To retrieve more information about each individual post, you can use the getPost function, which will return the same variables as above, as well as a list of comments and likes. Continuing with my example, the code below shows how to collect a list of 1,000 users who liked the most recent post, for which we will also gather information in order to analyze the audience of this page in terms of gender, language, and country.

post_id <- head(page$id, n = 1)  ## ID of most recent post
post <- getPost(post_id, token, n = 1000, likes = TRUE, comments = FALSE)

Analyzing data from a Facebook group

Just like public Facebook pages, the data from public groups can also be easily downloaded with the getGroup function.
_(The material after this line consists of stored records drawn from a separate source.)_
(* Let $\mathcal T_{\mathcal I}$ be a cluster tree in which every non-leaf cluster has exactly two sons, and let $(V_t)_{t\in\mathcal T_{\mathcal I}}$ be a nested cluster basis of rank $k$ with transfer matrices $(E_t)$, i.e. $V_{t|\hat t'\times k}=V_{t'}E_{t'}$ for all $t'\in\mathrm{sons}(t)$. Let $(Q_t)_{t\in\mathcal T_{\mathcal I}}$ be constructed as follows: for leaves $t$, $Q_t\in\mathbb{R}^{\hat t\times k_t}$ is any matrix with orthonormal columns, and we set $\widehat Q_t:=Q_t$, $\widehat V_t:=V_t$; for a non-leaf $t$ with sons $t_1,t_2$, set $U_t:=\begin{pmatrix}Q_{t_1}&0\\0&Q_{t_2}\end{pmatrix}$, $\widehat V_t:=U_t^TV_t$, choose $\widehat Q_t\in\mathbb{R}^{(k_{t_1}+k_{t_2})\times k_t}$ with orthonormal columns, and set $Q_t:=U_t\widehat Q_t$. Let $t_0\in\mathcal T_{\mathcal I}$, $N\in\mathbb N$, and let $(M_r)_{r\in\mathrm{sons}^*(t_0)}$ be matrices $M_r\in\mathbb{R}^{k\times N}$ satisfying $M_{r'}=E_{r'}M_r$ for all $r\in\mathrm{sons}^*(t_0)$ and $r'\in\mathrm{sons}(r)$. Then $$\|Q_{t_0}Q_{t_0}^TV_{t_0}M_{t_0}-V_{t_0}M_{t_0}\|_F^2=\sum_{r\in\mathrm{sons}^*(t_0)}\|\widehat Q_r\widehat Q_r^T\widehat V_rM_r-\widehat V_rM_r\|_F^2.$$
   Context: A cluster tree for a finite index set $\mathcal I$ is a tree whose nodes $t$ are labeled by subsets $\hat t\subseteq\mathcal I$, the root being labeled $\mathcal I$ and the labels of the sons of a non-leaf node forming a disjoint partition of its label. $\mathrm{sons}^*(t)$ denotes the set of descendants of $t$ including $t$ itself: $\mathrm{sons}^*(t)=\{t\}$ if $t$ is a leaf and $\{t\}\cup\bigcup_{t'\in\mathrm{sons}(t)}\mathrm{sons}^*(t')$ otherwise. $\|\cdot\|_F$ is the Frobenius norm. *)

theory Defs
  imports Complex_Main "HOL-Library.Sublist"
begin

text \<open>A node of the tree is its position: the list of left/right choices from the root.
  The tree is a finite, prefix-closed set T of positions; the label (cluster) of a node p
  is lab p.\<close>

definition sons :: "bool list set \<Rightarrow> bool list \<Rightarrow> bool list set" where
  "sons T t = {s \<in> T. \<exists>b. s = t @ [b]}"

definition is_leaf :: "bool list set \<Rightarrow> bool list \<Rightarrow> bool" where
  "is_leaf T t \<longleftrightarrow> sons T t = {}"

inductive_set sons_star :: "bool list set \<Rightarrow> bool list \<Rightarrow> bool list set"
  for T :: "bool list set" and t :: "bool list" where
  self: "t \<in> sons_star T t"
| step: "s \<in> sons_star T t \<Longrightarrow> s' \<in> sons T s \<Longrightarrow> s' \<in> sons_star T t"

definition binary_cluster_tree :: "'i set \<Rightarrow> bool list set \<Rightarrow> (bool list \<Rightarrow> 'i set) \<Rightarrow> bool" where
  "binary_cluster_tree I T lab \<longleftrightarrow>
     finite I \<and> finite T \<and> [] \<in> T \<and> lab [] = I \<and>
     (\<forall>p b. p @ [b] \<in> T \<longrightarrow> p \<in> T) \<and>
     (\<forall>p\<in>T. (p @ [False] \<in> T) = (p @ [True] \<in> T)) \<and>
     (\<forall>p\<in>T. p @ [False] \<in> T \<longrightarrow>
        lab p = lab (p @ [False]) \<union> lab (p @ [True]) \<and>
        lab (p @ [False]) \<inter> lab (p @ [True]) = {})"
text \<open>Robots are indexed by a finite type 'r; a configuration is a map 'r \<Rightarrow> real
  (the coordination space R^n, n = CARD('r)). The state of robot i is (x_i, v_i).
  Controls are sampled: u :: nat \<Rightarrow> 'r \<Rightarrow> real, u k i is the (constant) control of
  robot i on the slot [k, k+1).\<close>

type_synonym 'r config = "'r \<Rightarrow> real"
type_synonym 'r jstate = "'r \<Rightarrow> real \<times> real"
type_synonym 'r control = "nat \<Rightarrow> 'r \<Rightarrow> real"

definition unit_vec :: "'r \<Rightarrow> 'r config" where
  "unit_vec i = (\<lambda>k. if k = i then 1 else 0)"

text \<open>Collision region of the pair {i,j}: cylinder over C i j \<subseteq> span{e_i,e_j},
  identified with a subset of real \<times> real via the coordinates (x_i, x_j).\<close>
definition obs_pair :: "('r \<Rightarrow> 'r \<Rightarrow> (real \<times> real) set) \<Rightarrow> 'r \<Rightarrow> 'r \<Rightarrow> 'r config set" where
  "obs_pair C i j = {x. (x i, x j) \<in> C i j}"

definition obs_prio :: "('r \<Rightarrow> 'r \<Rightarrow> (real \<times> real) set) \<Rightarrow> 'r \<Rightarrow> 'r \<Rightarrow> 'r config set" where
  "obs_prio C i j = {y. \<exists>x \<in> obs_pair C i j. \<exists>a \<ge> 0. \<exists>b \<ge> 0.
        y = (\<lambda>k. x k - a * unit_vec i k + b * unit_vec j k)}"

definition obs_G :: "('r \<Rightarrow> 'r \<Rightarrow> (real \<times> real) set) \<Rightarrow> ('r \<times> 'r) set \<Rightarrow> 'r config set" where
  "obs_G C E = (\<Union>(i, j) \<in> E. obs_prio C i j)"

definition free_G :: "('r \<Rightarrow> 'r \<Rightarrow> (real \<times> real) set) \<Rightarrow> ('r \<times> 'r) set \<Rightarrow> 'r config set" where
  "free_G C E = UNIV - obs_G C E"

text \<open>Single-robot dynamics under a constant control u during a slot:
  dv/dt = u * delta(u,v) with v saturated in [0, vmax], dx/dt = v.
  Solution for v0 \<in> [0, vmax]: v(tau) = min vmax (max 0 (v0 + u tau)).\<close>
definition vel :: "real \<Rightarrow> real \<Rightarrow> real \<Rightarrow> real \<Rightarrow> real" where
  "vel vm v u \<tau> = min vm (max 0 (v + u * \<tau>))"

definition slot_flow :: "real \<Rightarrow> real \<Rightarrow> real \<Rightarrow> real \<times> real \<Rightarrow> real \<times> real" where
  "slot_flow vm u \<tau> s = (fst s + integral {0..\<tau>} (\<lambda>\<sigma>. vel vm (snd s) u \<sigma>), vel vm (snd s) u \<tau>)"

fun slot_states :: "real \<Rightarrow> (nat \<Rightarrow> real) \<Rightarrow> real \<times> real \<Rightarrow> nat \<Rightarrow> real \<times> real" where
  "slot_states vm u s 0 = s"
| "slot_states vm u s (Suc k) = slot_flow vm (u k) 1 (slot_states vm u s k)"

definition robot_flow :: "real \<Rightarrow> real \<Rightarrow> real \<times> real \<Rightarrow> (nat \<Rightarrow> real) \<Rightarrow> real \<times> real" where
  "robot_flow vm t s u = slot_flow vm (u (nat \<lfloor>t\<rfloor>)) (t - of_int \<lfloor>t\<rfloor>) (slot_states vm u s (nat \<lfloor>t\<rfloor>))"

definition flow :: "('r \<Rightarrow> real) \<Rightarrow> real \<Rightarrow> 'r jstate \<Rightarrow> 'r control \<Rightarrow> 'r jstate" where
  "flow vm t s u = (\<lambda>i. robot_flow (vm i) t (s i) (\<lambda>k. u k i))"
Note that this will only work for groups that the authenticated user is a member of.

group <- getGroup("150048245063649", token, n=50)

Extracting personal information

Rfacebook also allows to read personal information about the authenticated user, such as the list of likes and the content from the Newsfeed. Private information about the user's friends is no longer available through the API.

getLikes('me', token = token)[1,]
## id           names
## 1 687958677914631 FiveThirtyEight
## website
## 1 http://www.fivethirtyeight.com/ 
getNewsfeed(token, n=1)
## 1 51191684997 Rob DenBleyker  <NA>    <NA>
##                                                                    message
## 1 Sorry for the late comic, it's up now!\n\nhttp://explosm.net/comics/3512/
##               created_time type                            link
## 1 2014-04-02T12:38:46+0000 link http://explosm.net/comics/3512/
##                              id likes_count comments_count   shares_count
## 1 51191684997_10152084439949998        6942            110            497

Executing other API calls

To facilitate making API queries not implemented in the current version of the package, I have added the callAPI function, which will return an R list with the result of the query. A trivial example:

callAPI("https://graph.facebook.com/v2.0/barackobama?fields=id", token)

Page insights

Rfacebook provides some limited access to the insights features, available admin accounts of public pages. See the documentation of getInsights for more information.

Updating your Facebook status from R

Finally, yes:

updateStatus("You can also update your Facebook status from R", token)
## Success! Link to status update:
## http://www.facebook.com/557698085_10152090718708086

However, to make this work you will need to get a long-lived OAuth token first, setting private_info=TRUE in the fbOAUth function.

Frequently Asked Questions

  • How can I search public Facebook posts? Can I get any information from users' private profiles? How can I extract my entire network of friends?

All these features used to be available through the API, but unfortunately that's not the case anymore. There's no fix to Rfacebook that could bring back these features.

  • I get the following error when I run getUsers: username is deprecated for versions v2.0 and higher

This is related to the previous question. It is no longer possible to query users by their user names. If the user is a public page, try with the page ID number.

  • For any other questions, feature requests, or bugs, please open an issue in this repository.